You dont have to worry to much about connecting rods cuz they are a lot better then honduhs even at 16 psi.
SO you will also have to change your timing a bit
and if you are referring to cam timing. you do not need to change that at all when boosting. sure, some/a turbo grind cam would be optimal, but not necessary.
#26
RE: N2O
When I went and bought my cams they had a specific ordeal about the camming w. the turbo and said it would be an optimal upgrade. Mine are crane cams so you might not need it but they recommended it. No it isnt factory upgrade they just put em on round here in a college town it is more appealing for some reason. They would buy out the old 95-99 eclipses back from the owners and sell em w/ the FMIC on little upgrades. Dont ask me why...I wish I knew. Prolly more money for em... And about the 270 torque range..... you arent goin ta get that kinda torque from a mostly stock motor anyways so it is quite safe to run the stock connecting rods. The most hps youll prolly get from it is about 200-220 anyhow with a stock motor.
#28
RE: N2O
ORIGINAL: highrevr/tflea
And about the 270 torque range..... you arent goin ta get that kinda torque from a mostly stock motor anyways so it is quite safe to run the stock connecting rods. The most hps youll prolly get from it is about 200-220 anyhow with a stock motor.
And about the 270 torque range..... you arent goin ta get that kinda torque from a mostly stock motor anyways so it is quite safe to run the stock connecting rods. The most hps youll prolly get from it is about 200-220 anyhow with a stock motor.
ive also seen quite a few dynos of stock-internal turbo'd neons pushing that limit. heck, one in particular (turbo amy) is either around that area, or past it, and im pretty sure she said she was still on stock internals.
if you slap a big enough turbo on it, feed it enough fuel, and control the ignition timing, you can easily surpass that 270 tq range. no doubt. 20g turbo anyone? even the evo8 16g will surpass that limit as well. and while you can, its just not recommended of course
#29
#30
RE: N2O
That stuff is as reliable as a nuclear reactor that's running hot.
Those are completely opposite of what I was saying. You still need knowledge to make your car fast if it's a atx, actually you'd probably have to know more to get it faster than a mtx, racing with slicks is needed if you're really into it, so I don't know how that came up
Cheating, by definition, is to deceive or deprive by trickery, to swindle, mislead, fool, elude or escape. If you can logically explain exactly how using nitrous oxide is truly cheating, I'm all ears. Just because you don't understand it doesn't make it wrong.

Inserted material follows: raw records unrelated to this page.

lemma card_collisions_ge:
  fixes s :: "'a \<Rightarrow> 'b" and M :: real
  assumes T: "finite T" and M: "real (card (s ` T)) \<le> M" "M > 0"
  shows "real (card T)^2 / M - card T \<le> card {(t, t') \<in> T \<times> T. t \<noteq> t' \<and> s t = s t'}"
proof -
  define fib where "fib u = {t \<in> T. s t = u}" for u
  define A where "A = {(t, t') \<in> T \<times> T. s t = s t'}"
  have A_finite: "finite A"
    using T by (intro finite_subset[of A "T \<times> T"]) (auto simp: A_def)
  have fib_finite: "finite (fib u)" for u
    using T by (simp add: fib_def)
  have "card T = card (\<Union>u\<in>s ` T. fib u)"
    by (rule arg_cong[of _ _ card]) (auto simp: fib_def)
  also have "\<dots> = (\<Sum>u\<in>s ` T. card (fib u))"
    using T fib_finite by (intro card_UN_disjoint) (auto simp: fib_def)
  finally have card_T: "card T = (\<Sum>u\<in>s ` T. card (fib u))" .
  have "card A = card (\<Union>u\<in>s ` T. fib u \<times> fib u)"
    by (rule arg_cong[of _ _ card]) (auto simp: A_def fib_def)
  also have "\<dots> = (\<Sum>u\<in>s ` T. card (fib u) ^ 2)"
    using T fib_finite by (subst card_UN_disjoint) (auto simp: fib_def card_cartesian_product power2_eq_square)
  finally have card_A: "card A = (\<Sum>u\<in>s ` T. card (fib u) ^ 2)" .
  have "real (card T)^2 \<le> real (card A) * card (s ` T)"
    using sum_squared_le_sum_of_squares[of "\<lambda>u. real (card (fib u))" "s ` T"]
    unfolding card_T card_A by simp
  also have "\<dots> \<le> real (card A) * M"
    using M by (intro mult_left_mono) auto
  finally have "real (card T)^2 / M \<le> card A"
    using M by (simp add: divide_le_eq)
  moreover have "{(t, t') \<in> T \<times> T. t \<noteq> t' \<and> s t = s t'} = A - Id_on T"
    by (auto simp: A_def)
  moreover have "card (A - Id_on T) = card A - card T"
  proof -
    have diag: "Id_on T = (\<lambda>t. (t, t)) ` T" by auto
    then have "card (Id_on T) = card T" by (simp add: card_image inj_on_def)
    then show ?thesis using T A_finite diag by (subst card_Diff_subset) (auto simp: A_def)
  qed
  moreover have "card T \<le> card A"
    using A_finite by (intro card_inj_on_le[of "\<lambda>t. (t, t)"]) (auto simp: A_def inj_on_def)
  ultimately show ?thesis by simp
qed
lemma card_vertices_ge_of_edge_density:
  fixes c t :: real
  assumes "finite V" "\<forall>e\<in>E. e \<subseteq> V \<and> card e = 2" "E \<noteq> {}" "0 \<le> c" "t < 1"
    and "c * real (card V) powr (1 + t) \<le> real (card E)"
  shows "c powr (1 / (1 - t)) \<le> real (card V)"
proof -
  let ?v = "real (card V)"
  have "0 < ?v"
    using two_le_card_vertices[OF assms(1-3)] by simp
  have "c * ?v powr (1 + t) \<le> ?v ^ 2"
    using assms(6) card_edges_le_square[OF assms(1,2)] by (metis of_nat_le_iff of_nat_power order_trans)
  also have "\<dots> = ?v powr (1 - t) * ?v powr (1 + t)"
    using \<open>0 < ?v\<close> by (simp add: powr_add[symmetric] powr_numeral)
  finally have "c \<le> ?v powr (1 - t)"
    using \<open>0 < ?v\<close> by simp
  then show ?thesis
    using assms(4,5) by (intro powr_one_over_le) auto
qed

section \<open>The density increment induction\<close>

definition dense_bounded_degree :: "real \<Rightarrow> real \<Rightarrow> 'a set \<Rightarrow> 'a set set \<Rightarrow> bool" where
  "dense_bounded_degree \<alpha> K V E \<longleftrightarrow>
     1/3 * real (card V) powr (1 + \<alpha>) \<le> real (card E) \<and>
     real (max_degree V E) \<le> K * real (card V) powr \<alpha>"

lemma denser_smaller_subgraph_of_sparse_maximal:
  fixes \<alpha> t L c :: real
  assumes "0 < t" "t \<le> \<alpha>" "0 < L" "4 powr (1 + t) \<le> L powr t"
    and "finite U" and edges: "\<forall>e\<in>F. e \<subseteq> U \<and> card e = 2" and "F \<noteq> {}"
    and "real (card U) powr (\<alpha> - t) \<le> c" "c * real (card U) powr (1 + t) \<le> real (card F)"
    and "F' \<subseteq> F"
    and saturated: "\<forall>e\<in>F - F'. \<exists>v\<in>e. 4/3 * L * real (card U) powr \<alpha> < real (degree F' v) + 1"
    and sparse: "3 * real (card F') < real (card U) powr (1 + \<alpha>)"
  obtains W F\<^sub>2 where "subgraph W F\<^sub>2 U F" "F\<^sub>2 \<noteq> {}" "card W < card U"
    "real (card W) powr (\<alpha> - t) \<le> c" "c * real (card W) powr (1 + t) \<le> real (card F\<^sub>2)"
proof -
  let ?u = "real (card U)"
  define S where "S = {v\<in>U. 4/3 * L * ?u powr \<alpha> - 1 \<le> real (degree F' v)}"
  have "4 < L"
    using less_of_powr_add_le_powr assms(1,3,4) by simp
  have "2 \<le> card U"
    by (rule two_le_card_vertices[OF assms(5-7)])
  then have "1 \<le> ?u powr (\<alpha> - t)"
    using assms(2) by (simp add: ge_one_powr_ge_zero)
  then have "1 \<le> c"
    using assms(8) by linarith
  have "\<forall>e\<in>F'. e \<subseteq> U \<and> card e = 2"
    using edges assms(10) by blast
  then have "L * real (card S) < ?u"
    unfolding S_def using \<open>2 \<le> card U\<close> \<open>4 < L\<close> assms(1,2)
    by (intro few_saturated_vertices[OF assms(5) _ _ _ _ sparse]) auto
  moreover have "4 * real (card S) \<le> L * real (card S)"
    using \<open>4 < L\<close> by (intro mult_right_mono) auto
  ultimately have "4 * card S < card U"
    by linarith
  have hit: "\<forall>e\<in>F - F'. e \<inter> S \<noteq> {}"
  proof
    fix e assume "e \<in> F - F'"
    then obtain v where "v \<in> e" "4/3 * L * ?u powr \<alpha> < real (degree F' v) + 1"
      using saturated by blast
    moreover have "e \<subseteq> U"
      using edges \<open>e \<in> F - F'\<close> by blast
    ultimately show "e \<inter> S \<noteq> {}"
      unfolding S_def by auto
  qed
  have "?u powr (1 + \<alpha>) = ?u powr (\<alpha> - t) * ?u powr (1 + t)"
    by (simp add: powr_add[symmetric] add.commute)
  also have "\<dots> \<le> real (card F)"
    using assms(8,9) by (meson order_trans mult_right_mono powr_ge_zero)
  finally have "3 * card F' \<le> card F"
    using sparse by linarith
  moreover have "S \<subseteq> U"
    unfolding S_def by blast
  ultimately obtain W F\<^sub>2 where W: "subgraph W F\<^sub>2 U F" "F\<^sub>2 \<noteq> {}"
    and shrunk: "card W = card S \<and> card F \<le> 3 * card F\<^sub>2 \<or>
      card W = 4 * card S \<and> card S * card F \<le> card U * card F\<^sub>2"
    using dense_subgraph_near_saturated_vertices[OF assms(5-7) _ _ assms(10) _ hit]
      \<open>4 * card S < card U\<close> by (metis less_imp_le)
  have "card W < card U"
    using shrunk \<open>4 * card S < card U\<close> by linarith
  then have "real (card W) powr (\<alpha> - t) \<le> ?u powr (\<alpha> - t)"
    using assms(2) by (intro powr_mono2) auto
  moreover have "c * real (card W) powr (1 + t) \<le> real (card F\<^sub>2)"
    using \<open>1 \<le> c\<close> \<open>4 < L\<close> assms(1)
    by (intro density_of_shrunk_subgraph[OF _ _ assms(4) _ \<open>L * real (card S) < ?u\<close> assms(9) shrunk])
      auto
  ultimately show ?thesis
    using that W \<open>card W < card U\<close> assms(8) by auto
qed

Yes, I can make a nitrous setup that is just as reliable as any turbo setup or high compression setup. It all has to do with fuel trim, octane, and ignition timing - ultimately it has to do with peak internal cylinder pressure, but that's tough to measure real time on most cars... Morons (even not-so-morons) blow their engines all the time (even mostly stock) because they either can't or don't tune properly or don't use safety features (fuel pressure cutout, etc.), or they put too much torque on stock components. Nitrous is no different than any other type of forced induction in that respect.
Bottles are for babies... cute! That goes right up there with "There's no replacement for displacement" and "Horsepower sells cars, but torque wins races" as my all-time favorite ignoramus musclecar catchy sayings.